AI is the interesting and important parameter. It controls per-instance parameters for actors such as drops, territory, and configuration for gimmicks. I currently believe that AI is mapped on top of an entity's own blueprint configuration from its Placeables/ file, with AI able to send overrides to parts of it, though I've yet to work out where these bytes go. We can see traces of the Sublevels files showing AI gen variables with overriden base parameters.

Thus far, 3 types of teki AI have been partly charted, mostly pertaining to the inventory system.


Before trying to break down a byte array, it helps to understand a few concepts of the data types used:

  • Each integer in the array is a single 8-bit/1-byte value, so can only go up to 255.
  • The arrays are not fixed to 32-bit boundaries. A 4-byte float can be adjacent to a 16bit integer.
  • Booleans are 4-bytes with the 0/1 being in the first index
  • Floats are little-endian, and 4 bytes long. For example the value 100 will be 4 bytes of 0, 0, 200, 66.
  • Integers can also be encoded across 2-bytes (two integers of this array). For example, the value 271 would be 15,1 - 15 + (256 * 1). They are also sometimes just 1-byte long with the value at index 0.
  • Strings are encoded by 4 bytes dictating the length of the string (null terminator included) followed by the string's characters in ASCII codes, ending with 0. For example the string of None will be encoded as 5, 0, 0, 0, 78, 111, 110, 101, 0, with 5 being the length of the string (4 chars + 0).
  • When arrays/objects are used (for fields like DropConditions or bSetTerritory, there is often a 4 byte boolean that dictates if the rest of the object is present, or the number of items in the array. For example, with territory, if bSetTerritory is false, the bytes will look like 0, 0, 0, 0, ... followed by whatever else comes after. However if it is true (1, 0, 0, 0), 5 floats (X, Y, Z, HalfHeight and Radius) will follow, making the array vary in length.

Dandori Desktop provides tools for byte conversions that can aid in finding values.


Attempts have been made to chart the bytes of various AI parameters to uncover patterns and the locations of values in order to manipulate them. The current diagrams mostly illustrate the inventory system.

There are many bytes AFTER the end of the inventory which ends in 4 bytes of 255, 255, 255, 255 (-1), but I have no idea what they do yet. I believe they're probably the overrides for TekiAIParameter, territory, and each enemy's custom AI arguments.

Creature AI[edit]

Details the drop system for a regular enemy (and eggs). The inventory system used here is the same as in GroupDropManager's, so it helps to understand creatures first.


ActorSpawner AI[edit]

ActorSpawners are a little different, and their only drop is the thing they spawn, with some configuration for it.


GroupDropManager AI[edit]


NoraSpawner AI[edit]


PortalTrigger Gen Variable[edit]

This chart is for the PortalTrigger.Static part of ActorSerializeParameter and will usually be used in conjunction with portal objects like MadoriRuins and DownPortal.
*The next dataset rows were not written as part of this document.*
lemma add_mem_ideal_gen: "p \<in> ideal_gen T \<Longrightarrow> q \<in> ideal_gen T \<Longrightarrow> (\<lambda>w. p w + q w) \<in> ideal_gen T"
  unfolding ideal_gen_eq_lincomb_span by (rule add_mem_lincomb_span)

lemma smult_mem_ideal_gen: "p \<in> ideal_gen T \<Longrightarrow> (\<lambda>w. c * p w) \<in> ideal_gen T"
  unfolding ideal_gen_eq_lincomb_span by (rule smult_mem_lincomb_span)

lemma mem_ideal_gen: "s \<in> T \<Longrightarrow> s \<in> ideal_gen T"
  using wmul_mem_lincomb_span[of "\<lambda>_ s _. s \<in> T" "[]" s "[]"]
  by (simp add: ideal_gen_eq_lincomb_span)

lemma wmul_mem_ideal_gen:
  assumes "p \<in> ideal_gen T"
  shows "wmul u p v \<in> ideal_gen T"
proof -
  obtain l where "p = lincomb l" "\<forall>(\<alpha>, u, s, v) \<in> set l. s \<in> T"
    using assms unfolding ideal_gen_def by blast
  then show ?thesis
    unfolding ideal_gen_def
    by (intro CollectI exI[of _ "map (\<lambda>(\<alpha>, u', s, v'). (\<alpha>, u @ u', s, v' @ v)) l"])
      (auto simp: wmul_lincomb)
qed

lemma ideal_gen_mono: "S \<subseteq> T \<Longrightarrow> ideal_gen S \<subseteq> ideal_gen T"
  unfolding ideal_gen_def by fastforce

lemma ideal_gen_subset:
  assumes "S \<subseteq> ideal_gen T"
  shows "ideal_gen S \<subseteq> ideal_gen T"
proof
  fix p assume "p \<in> ideal_gen S"
  then obtain l where "p = lincomb l" "\<forall>(\<alpha>, u, s, v) \<in> set l. s \<in> S"
    unfolding ideal_gen_def by blast
  then show "p \<in> ideal_gen T"
  proof (induction l arbitrary: p)
    case Nil
    then show ?case
      using zero_mem_ideal_gen by (simp add: lincomb_def)
  next
    case (Cons x l)
    obtain \<alpha> u s v where x: "x = (\<alpha>, u, s, v)" by (cases x)
    have "wmul u s v \<in> ideal_gen T"
      using Cons.prems(2) assms x by (auto intro: wmul_mem_ideal_gen)
    then have "(\<lambda>w. \<alpha> * wmul u s v w + lincomb l w) \<in> ideal_gen T"
      using Cons by (auto intro!: add_mem_ideal_gen smult_mem_ideal_gen)
    then show ?case using Cons.prems(1) x by (simp add: lincomb_def)
  qed
qed

lemma trivial_mod_zero: "trivial_mod S w (\<lambda>_. 0)"
  unfolding trivial_mod_iff_lincomb_span by (rule zero_mem_lincomb_span)
(* Consider the generic SURQT model (6) described in the context, and let \[ \mathbf{Q}_2=\mathbf{Q}_1-\mathrm{diag}\!\left(\frac{\theta_i}{\theta_i+\delta_i}\right)\frac{\partial\mathbf{f}(\mathbf 0)}{\partial\mathbf{x}}-\mathrm{diag}\,\mathbf{g}(\mathbf 1),\qquad \mathbf{Q}_1=\frac{\partial\mathbf{f}(\mathbf 0)}{\partial\mathbf{x}}-\mathbf{D}_\theta, \] where $\mathrm{diag}\,\mathbf{g}(\mathbf 1)=\mathrm{diag}(g_1^R(\mathbf 1),\dots,g_N^R(\mathbf 1))$. If $s(\mathbf{Q}_2)>0$, then for any solution $(\mathbf{R}(t),\mathbf{T}(t))$ with initial value in $\Omega$ and $\mathbf{R}(0)>\mathbf 0$ there is $c>0$ such that $\liminf_{t\to\infty}R_i(t)\ge c$ for all $1\le i\le N$ (the rumor is persistent).
   Context: $V=\{1,\dots,N\}$; $G_R=(V,E_R)$ and $G_T=(V,E_T)$ are strongly connected directed graphs. $\theta_i>0,\delta_i>0$; $\mathbf{D}_\theta=\mathrm{diag}(\theta_i)$. The functions $f_i^T,g_i^R:\mathbb{R}^N\to\mathbb{R}$ satisfy: (C1) $f_i^T$ depends on $x_j$ iff $(i,j)\in E_R$, $g_i^R$ depends on $x_j$ iff $(i,j)\in E_T$; (C2) $f_i^T(\mathbf 0)=g_i^R(\mathbf 0)=0$; (C3) twice continuously differentiable; (C4) strictly increasing in each argument; (C5) concave. $\mathbf{f}=(f_1^T,\dots,f_N^T)^T$ with Jacobian $\frac{\partial\mathbf{f}(\mathbf 0)}{\partial\mathbf x}$ at the origin; $\mathbf 1=(1,\dots,1)$. $s(\mathbf{A})$ is the maximum real part of an eigenvalue of $\mathbf{A}$. The generic SURQT model (6) is, for $i=1,\dots,N$, \[ \frac{dR_i}{dt}=T_i f_i^T(\mathbf{R})-R_i g_i^R(\mathbf{T})-\theta_iR_i,\qquad \frac{dT_i}{dt}=R_i g_i^R(\mathbf{T})-T_i f_i^T(\mathbf{R})+\delta_i(1-R_i-T_i), \] on $\Omega=\{(x_1,\dots,x_{2N})\in\mathbb{R}_+^{2N}: x_i+x_{N+i}\le1\}$. $\mathbf{R}(0)>\mathbf 0$ means every component is positive. *)

theory Defs
  imports "HOL-Analysis.Analysis"
begin

text \<open>Vertex set V = the finite index type 'n (so N = CARD('n)).\<close>

definition strongly_connected :: "('n \<times> 'n) set \<Rightarrow> bool" where
  "strongly_connected E \<longleftrightarrow> (\<forall>i j. (i, j) \<in> E\<^sup>*)"

definition diag :: "('n::finite \<Rightarrow> real) \<Rightarrow> real^'n^'n" where
  "diag d = (\<chi> i j. if i = j then d i else 0)"

definition cmat :: "real^'n^'n \<Rightarrow> complex^'n^'n" where
  "cmat A = (\<chi> i j. complex_of_real (A $ i $ j))"

definition eigenvalues_c :: "real^'n::finite^'n \<Rightarrow> complex set" where
  "eigenvalues_c A = {z. det (cmat A - mat z) = 0}"

definition spectral_abscissa :: "real^'n::finite^'n \<Rightarrow> real" where
  "spectral_abscissa A = Max (Re ` eigenvalues_c A)"

definition depends_on :: "(real^'n \<Rightarrow> real) \<Rightarrow> 'n \<Rightarrow> bool" where
  "depends_on f j \<longleftrightarrow> (\<exists>x y. (\<forall>k. k \<noteq> j \<longrightarrow> x $ k = y $ k) \<and> f x \<noteq> f y)"

definition strict_incr_in :: "(real^'n \<Rightarrow> real) \<Rightarrow> 'n \<Rightarrow> bool" where
  "strict_incr_in f j \<longleftrightarrow>
     (\<forall>x y. (\<forall>k. k \<noteq> j \<longrightarrow> x $ k = y $ k) \<and> x $ j < y $ j \<longrightarrow> f x < f y)"

definition C2 :: "(real^'n::finite \<Rightarrow> real) \<Rightarrow> bool" where
  "C2 f \<longleftrightarrow> (\<exists>(g :: real^'n \<Rightarrow> real^'n) (H :: real^'n \<Rightarrow> real^'n^'n).
      (\<forall>x. (f has_derivative (\<lambda>h. g x \<bullet> h)) (at x)) \<and>
      (\<forall>x. (g has_derivative (\<lambda>h. H x *v h)) (at x)) \<and>
      continuous_on UNIV H)"

definition jacobian0 :: "('n::finite \<Rightarrow> real^'n \<Rightarrow> real) \<Rightarrow> real^'n^'n" where
  "jacobian0 f = matrix (frechet_derivative (\<lambda>x. \<chi> i. f i x) (at 0))"

end

theory Submission
  imports Defs "HOL-Computational_Algebra.Fundamental_Theorem_Algebra"
begin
The best way of breaking down the AI parameter (I have found) is to combine the blueprint JSONs from the Sublevels/ folder, with the ActorPlacementInfo file of the same type. The Sublevels files contain the gen_variables that seem to be encoded into the byte arrays of ActorSerializeParameter.

AI parameters can be found by searching for {entity}AI_GEN_VARIABLE, for example ElecMushiAI_GEN_VARIABLE for Anode Beetles. Most of the contents of that object's Properties will be encoded in that actor's ActorSerializeParameter.AI.Static in the ActorPlacementInfo file, so you can compare things like the drop numbers, asset path and other such floats for occurrences of those values in the AI array. Strings are often the easiest to find/locate with due to their easy to spot nature (look for the big sequence of non-0 numbers and decode it to see if it matches what you need).